Correctness was covered by the existing `long text hash detects changes
after chunk boundary` stream test plus the new 32 KB workload's
expectNoEmissionForSameContent assertion. No release-suite guardrail
pass is needed because the C body was reverted (see Decision).
Decision
Rejected — "premise refuted" escape hatch from RUNNER_INSTRUCTIONS.md.
The 16-byte fold is structurally sound and changes nothing visible
about the hash; it just doesn't have enough wall to attack. The
32 KB-cell workload — the named blocker in the open candidate — is the
durable contribution: future hash-loop experiments now have a workload
that exercises the byte-stream fold for thousands of iterations per
cell, and this run's measurements close the open candidate by showing
that even at 32 KB the byte-stream fold is not the dominant wall
component on the current reader-pool shape.
native/resqlite.c's fnv_combine_bytes was reverted to the exp 110
8-byte body. The new 32 KB section in streaming.dart, the curated
metric in workload_registry.dart, and the focused
long_text_32kb_hash.dart harness are kept.
Future Notes
- The remaining wall on 32 KB streams is dominated by reader-pool
dispatch + SQLite text retrieval + main-isolate reply scheduling.

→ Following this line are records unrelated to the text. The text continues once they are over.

theorem theorem1:
  fixes M :: "'a measure" and Z :: "nat \<Rightarrow> 'a \<Rightarrow> real"
    and s2 a \<eta> :: real and n :: nat
  assumes "prob_space M"
    and "s2 > 0" and "a > 1"
    and "prob_space.indep_vars M (\<lambda>_. borel) Z {1..}"
    and "\<And>i. i \<ge> 1 \<Longrightarrow> distributed M lborel (Z i) (normal_density 0 (sqrt s2))"
    and "\<eta> > 0" and "n \<ge> 2"
  shows "ereal (P_plus M Z n a \<eta>) \<ge>
           (SUP s\<in>S_plus a s2 \<eta> n.
              ereal (1 / (2 * real n) * (\<Sum>l=1..n-1. ln (1 - 2 * s2 * alpha_seq a s2 \<eta> s l))))
       \<and> ereal (P_minus M Z n a \<eta>) \<ge>
           (SUP s\<in>S_minus a s2 \<eta> n.
              ereal (1 / (2 * real n) * (\<Sum>l=1..n-1. ln (1 - 2 * s2 * beta_seq a s2 \<eta> s l))))"
proof -
  interpret gaussian_noise M Z s2
    using assms(1-5) by (simp add: gaussian_noise_def gaussian_noise_axioms_def)
  have alpha: "alpha_seq a s2 \<eta> s (Suc j) = riccati_step a s2 \<eta> 1 s (alpha_seq a s2 \<eta> s j)" for s j
    by (cases j) (simp_all add: riccati_step_def)
  have beta: "beta_seq a s2 \<eta> s (Suc j) = riccati_step a s2 \<eta> (-1) s (beta_seq a s2 \<eta> s j)" for s j
    by (cases j) (simp_all add: riccati_step_def)
  have "ereal (1 / (2 * real n) * (\<Sum>l=1..n-1. ln (1 - 2 * s2 * alpha_seq a s2 \<eta> s l)))
      \<le> ereal (P_plus M Z n a \<eta>)" if "s \<in> S_plus a s2 \<eta> n" for s
    using ml_tail_exponent_bound[where c=1 and q="alpha_seq a s2 \<eta> s", OF _ _ _ _ _ _ alpha] that assms
    by (simp add: S_plus_def P_plus_def)
  moreover have "ereal (1 / (2 * real n) * (\<Sum>l=1..n-1. ln (1 - 2 * s2 * beta_seq a s2 \<eta> s l)))
      \<le> ereal (P_minus M Z n a \<eta>)" if "s \<in> S_minus a s2 \<eta> n" for s
    using ml_tail_exponent_bound[where c="-1" and q="beta_seq a s2 \<eta> s", OF _ _ _ _ _ _ beta] that assms
    by (simp add: S_minus_def P_minus_def algebra_simps)
  ultimately show ?thesis
    by (intro conjI SUP_least) auto
qed

end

Future hash work should not retry FNV unrolling without a workload
that isolates the hash loop further (e.g., a single-stream
long-payload shape that bypasses the parallel reader pool, or a
micro-benchmark that calls resqlite_query_hash directly without
the FFI/IPC stack).
- The blob/text mixed shape the open candidate also called out is
still uncovered. A future runner that wants to attack BLOB hashing
should add a mixed BLOB/TEXT variant rather than another TEXT-only
scaling sweep.
- Do not re-introduce the 16-byte fold body to
fnv_combine_bytes
without a new measurement showing the byte-stream fold is a
material fraction of a stream-workload wall. The current 32 KB
data point closes that case for the current reader-pool shape.
Validation
dart pub get- `dart analyze native/resqlite.c lib/ benchmark/suites/streaming.dart
benchmark/shared/workload_registry.dart
benchmark/experiments/long_text_32kb_hash.dart test/stream_test.dart`
dart test test/stream_test.dart(27 / 27 pass, including the
existing long text hash detects changes after chunk boundary
regression coverage)
- Two-pass focused A/B over the new 32 KB harness (table above)